Postcards showing the New York Central Building
Postcards showing the New York Central Building

Some of the most wonderful parts of the New York Central building are the details and sculptural elements you’ll find all over, a major component of the Beaux Arts style. These elements were sculpted by Edward McCartan, Director of the sculpture department of the Beaux-Arts Institute of Design in New York City. While Warren and Wetmore frequently used the work of Sylvain Salieres, including for Grand Central Terminal, by the time the New York Central building was to be constructed, Salieres was no longer alive.

The building’s primary sculptural element is the clock that sits atop the front façade, featuring Mercury at left, and the goddess Ceres at right. Mercury is the typical deity used to represent transportation, while Ceres represents agriculture – one of many types of freight carried by the railroad. Found in various locations around the building are several other faces, whose identities never seem to be discussed. One of these faces is contorted into a painful grimace, and placed in front of a fiery torch. Perhaps this figure is representative of Prometheus of Greek myth – the titan who gave fire to man, who was punished by Zeus for the act.

The New York Central Building in print
Poster of the New York Central Building by Chesley Bonestell, and cover of the October 26, 1929 edition of the New Yorker with illustration by Theodore G. Haupt.

High above street level are the faces of American Bison, situated above stylized compasses, representative of how the railroads essentially built this country – or at least how it contributed to the migration of people to the west. Sharing a similar concept, a face resembling the Greek god of nature and the wild, Pan, appears towards the very top of the building. Eagles, representative of the United States, can be found above some of the doors to the building, and lions, a symbol of power can be found in the tunnel that carries Park Avenue through the building. Purely decorative columns, much derided by the architects of the day, can also be found on the upper reaches of the tower.

The New York Central Building visible from the construction site of another skyscraper
The New York Central Building visible from the construction site of another skyscraper

As the New York Central’s financial woes grew after World War II, the railroad began selling off some of its New York real estate. After being sold in the 1950’s, the New York Central Building became the New York General Building – a crafty idea that required only minimal changing of the signage. Eventually, the building was purchased by Helmsley-Spear, and it is rumored that Harry Helmsley’s wife Leona was the one who formally changed the building’s name to the Helmsley Building.
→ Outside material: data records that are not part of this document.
lemma atom_spanned_le: "atom_spanned a b \<Longrightarrow> a \<le> b"
  unfolding atom_spanned_def by blast

lemma atomistic_imp_atom_spanned:
  assumes "atomistic a b" shows "atom_spanned a b"
proof -
  obtain A where "A \<subseteq> {p. covers a p \<and> p \<le> b}" "is_lub (insert a A) b"
    using assms unfolding atomistic_def interval_def by auto
  then show ?thesis
    using assms unfolding atomistic_def atom_spanned_def is_lub_def by blast
qed

locale modular_finite_length = modular_lattice T + finite_length_lattice T
  for T :: "'a::bounded_lattice itself"
begin

lemma upstar_mono:
  assumes "x \<le> (s::'a)" shows "upstar x \<le> upstar s"
proof (rule upstar_least)
  show "x \<le> upstar s" using assms upstar_ge order_trans by blast
next
  fix p assume p: "covers x p"
  show "p \<le> upstar s"
  proof (cases "p \<le> s")
    case True
    then show ?thesis using upstar_ge order_trans by blast
  next
    case False
    then have "covers s (sup s p)" using covers_sup_transpose[OF p assms] by simp
    then have "sup s p \<le> upstar s" by (rule covers_le_upstar)
    then show ?thesis by simp
  qed
qed

lemma atom_spanned_upstar: "atom_spanned a (upstar (a::'a))"
proof (rule atom_spannedI[OF upstar_ge])
  fix v assume "a \<le> v" "\<And>p. covers a p \<Longrightarrow> p \<le> upstar a \<Longrightarrow> p \<le> v"
  then show "upstar a \<le> v" by (blast intro: upstar_least covers_le_upstar)
qed

lemma atom_spanned_le_upstar: "atom_spanned a (b::'a) \<Longrightarrow> b \<le> upstar a"
  by (rule atom_spannedD) (auto intro: upstar_ge covers_le_upstar)

lemma atom_spanned_raise_bottom:
  assumes ab: "atom_spanned c (d::'a)" and ca: "c \<le> a" and ad: "a \<le> d"
  shows "atom_spanned a d"
proof (rule atom_spannedI[OF ad])
  fix v assume av: "a \<le> v" and atoms: "\<And>p. covers a p \<Longrightarrow> p \<le> d \<Longrightarrow> p \<le> v"
  show "d \<le> v"
  proof (rule atom_spannedD[OF ab])
    show "c \<le> v" using ca av by simp
  next
    fix p assume p: "covers c p" "p \<le> d"
    show "p \<le> v"
    proof (cases "p \<le> a")
      case True
      then show ?thesis using av by simp
    next
      case False
      then have "covers a (sup a p)" using covers_sup_transpose p ca by blast
      then have "sup a p \<le> v" using atoms[of "sup a p"] p(2) ad by simp
      then show ?thesis by simp
    qed
  qed
qed

lemma atom_spanned_complement:
  assumes ab: "atom_spanned a (b::'a)" and ay: "a \<le> y"
  obtains c where "a \<le> c" "c \<le> b" "inf y c \<le> a" "b \<le> sup y c"
proof -
  obtain c where c: "a \<le> c" "c \<le> b" "inf y c \<le> a"
    and max: "\<And>t. a \<le> t \<Longrightarrow> t \<le> b \<Longrightarrow> inf y t \<le> a \<Longrightarrow> \<not> c < t"
    using ex_maximal[of a "{t. a \<le> t \<and> t \<le> b \<and> inf y t \<le> a}"] atom_spanned_le[OF ab] by auto
  have "q \<le> sup y c" if q: "covers a q" "q \<le> b" for q
  proof (rule ccontr)
    assume nq: "\<not> q \<le> sup y c"
    have "a \<le> inf q (sup y c)" using c q covers_le by (auto intro: le_supI2)
    moreover have "inf q (sup y c) \<noteq> q" using nq by (metis inf.absorb_iff1)
    ultimately have "inf q (sup y c) = a"
      using covers_between[OF q(1), of "inf q (sup y c)"] by simp
    then have "inf (sup c q) (sup y c) = c"
      using modular_law[of c "sup y c" q] c(1) by (simp add: sup.absorb1)
    moreover have "inf y (sup c q) \<le> inf (sup c q) (sup y c)"
      by (simp add: le_infI1 le_infI2)
    ultimately have "inf y (sup c q) \<le> inf y c" by simp
    then have "inf y (sup c q) \<le> a" using c(3) by (rule order_trans)
    moreover have "c < sup c q" using nq by (metis le_supI2 sup.cobounded1 sup.order_iff order.not_eq_order_implies_strict)
    ultimately show False using max c q by (meson le_supI le_supI1)
  qed
  then have "b \<le> sup y c" using atom_spannedD[OF ab] ay by (meson le_supI1)
  with c show thesis by (rule that)
qed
Perhaps the biggest travesty of the Helmsleys, besides all the tax evasion and treating their employees like dirt, was their grand idea to “update” the façade of the building. All of the architectural details on the building, including the sculptures of Mercury and Ceres, were coated with a layer of gold paint. Thankfully, during the building’s 2002 restoration, these elements were restored to their original state, without the paint. The building was sold in 1998, about a year after Harry Helmsley’s death, though it is said that Leona required a stipulation along with the sale – that the building would not be renamed. It is likely for this reason why the outside of the building still reads the Helmsley Building, while the property owners refer to it by the generic name 230 Park.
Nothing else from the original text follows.